Version Capture Technical details
| Links | |
|---|---|
| Task | task_versioning.wdl |
augur align: Genome Assembly Alignment
augur align aligns multiple nucleotide sequences and strips insertions relative to a reference sequence by using the MAFFT aligner.
augur align Technical Details
| Links | |
|---|---|
| Task | task_augur_align.wdl |
| Software Source Code | Augur on GitHub MAFFT on GitHub |
| Software Documentation | augur align on Nexstrain |
| Original Publication(s) | Nextstrain: real-time tracking of pathogen evolution Recent developments in the MAFFT multiple sequence alignment program |
snp-dists: Pairwise SNP Distance Calculation
SNP-dists computes pairwise SNP distances between genomes. It takes the same alignment of genomes used to generate your phylogenetic tree and produces a matrix of pairwise SNP distances between sequences. This means that if you generated pairwise core-genome phylogeny, the output will consist of pairwise core-genome SNP (cgSNP) distances. Otherwise, these will be whole-genome SNP distances. Regardless of whether core-genome or whole-genome SNPs, this SNP distance matrix will exclude all SNPs in masked regions (i.e. masked with a bed file or gubbins).

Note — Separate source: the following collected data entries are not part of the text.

(* Let $n\ge2$, let $X_1,\dots,X_n$ be infinite dimensional Hilbert spaces and $D_k\in\mathcal{B}(X_k)$. Then for every $A\in\mathcal{B}_n$, $$\bigcup_{k=1}^n\sigma(D_k)=\sigma(T_n^d(A))\cup\Delta,$$ where $\Delta$ is the set of $\lambda\in\mathbb{C}$ such that either (a) there is $k\in\{2,\dots,n-1\}$ with $\big(\lambda\in\sigma_r(D_k)$ and $\beta(D_k-\lambda)\le\sum_{s=k+1}^n\alpha(D_s-\lambda)\big)$ or $\big(\lambda\in\sigma_l(D_k)$ and $\alpha(D_k-\lambda)\le\sum_{s=1}^{k-1}\beta(D_s-\lambda)\big)$; or (b) $0<\beta(D_1-\lambda)\le\sum_{s=2}^n\alpha(D_s-\lambda)$ or $0<\alpha(D_n-\lambda)\le\sum_{s=1}^{n-1}\beta(D_s-\lambda)$. In particular, if $\Delta=\emptyset$ then $\bigcup_{k=1}^n\sigma(D_k)=\sigma(T_n^d(A))$ for every $A\in\mathcal{B}_n$.
   Context: For a bounded operator $T$, $\alpha(T)=\dim\mathcal{N}(T)$, $\beta(T)=\operatorname{codim}\mathcal{R}(T)$, values in $\{0,1,\dots\}\cup\{\infty\}$, sums and comparisons taken in this extended set. $T$ is left invertible if $\alpha(T)=0$ and $\mathcal{R}(T)$ is closed and complemented, right invertible if $\beta(T)=0$ and $\mathcal{N}(T)$ is complemented, invertible if both. $\sigma_l,\sigma_r,\sigma$ denote the sets of $\lambda\in\mathbb{C}$ with $\lambda-T$ not left invertible, not right invertible, not invertible. $\mathcal{B}_n$ is the set of tuples $A=(A_{ij})_{1\le i<j\le n}$, $A_{ij}\in\mathcal{B}(X_j,X_i)$; $T_n^d(A)$ is the upper triangular operator matrix on $X_1\oplus\cdots\oplus X_n$ with diagonal $D_1,\dots,D_n$, entries $A_{ij}$ above the diagonal and zeros below. *)

theory Defs
  imports "HOL-Analysis.Analysis" "HOL-Library.Extended_Nat"
begin

class complex_vector = real_vector +
  fixes scaleC :: "complex \<Rightarrow> 'a \<Rightarrow> 'a"
  assumes scaleC_add_right: "scaleC a (x + y) = scaleC a x + scaleC a y"
    and scaleC_add_left: "scaleC (a + b) x = scaleC a x + scaleC b x"
    and scaleC_scaleC: "scaleC a (scaleC b x) = scaleC (a * b) x"
    and scaleC_one: "scaleC 1 x = x"
    and scaleR_scaleC: "scaleR r x = scaleC (complex_of_real r) x"

class complex_normed_vector = complex_vector + real_normed_vector +
  assumes norm_scaleC: "norm (scaleC a x) = cmod a * norm x"

class chilbert_space = complex_normed_vector + complete_space +
  fixes cinner :: "'a \<Rightarrow> 'a \<Rightarrow> complex"
  assumes cinner_commute: "cinner x y = cnj (cinner y x)"
    and cinner_add_left: "cinner (x + y) z = cinner x z + cinner y z"
    and cinner_scaleC_left: "cinner (scaleC r x) y = cnj r * cinner x y"
    and cinner_self_nonneg: "0 \<le> Re (cinner x x)"
    and cinner_eq_zero_iff: "cinner x x = 0 \<longleftrightarrow> x = 0"
    and norm_eq_sqrt_cinner: "norm x = sqrt (Re (cinner x x))"

definition csubspace :: "'a::complex_vector set \<Rightarrow> bool" where
  "csubspace M \<longleftrightarrow> 0 \<in> M \<and> (\<forall>x\<in>M. \<forall>y\<in>M. x + y \<in> M) \<and> (\<forall>c. \<forall>x\<in>M. scaleC c x \<in> M)"

definition closed_csubspace :: "'a::complex_normed_vector set \<Rightarrow> bool" where
  "closed_csubspace M \<longleftrightarrow> csubspace M \<and> closed M"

The SNP-distance output can be visualized using software such as Phandango to explore the relationships between the genomic sequences. The task can optionally add a Phandango coloring tag (:c1) to the column names in the output matrix to ensure that all columns are colored with the same color scheme throughout by setting phandango_coloring to true.
SNP-dists Technical Details
| Links | |
|---|---|
| Task | task_snp_dists.wdl |
| Software Source Code | SNP-dists on GitHub |
| Software Documentation | SNP-dists on GitHub |
augur tree: Phylogenetic Tree Reconstruction
augur tree generates a phylogenetic tree using either iqtree, fasttree, or raxml. By default, the tree will be generated by IQ-TREE 2. FastTree can result in significant performance improvements at the cost of how phylogenetic resolution if the alignment contains 100s of sequences and computational throughput is a priority. Additionally, the task defaults to using a GTR evolutionary model, which can be modified via the substitution_model input.
augur tree Technical Details
reorder_matrix: Matrix Reorder and Phylogenetic Tree Rooting
Reorder Matrix will reorder a TSV matrix file's entries in the same order as the tips of an inputted phylogenetic tree. The phylogenetic tree can be rooted at the midpoint via the midpoint_root_tree Boolean, or via an outgroup tip via the outgroup_root String input. The provided outgroup tip must be an exact match for a sequence input into the phylogenetic tree. Please note that phylogenetic tree tip names are derived from the alignment FASTA file headers in PHB, and may deviate from samplename inputs.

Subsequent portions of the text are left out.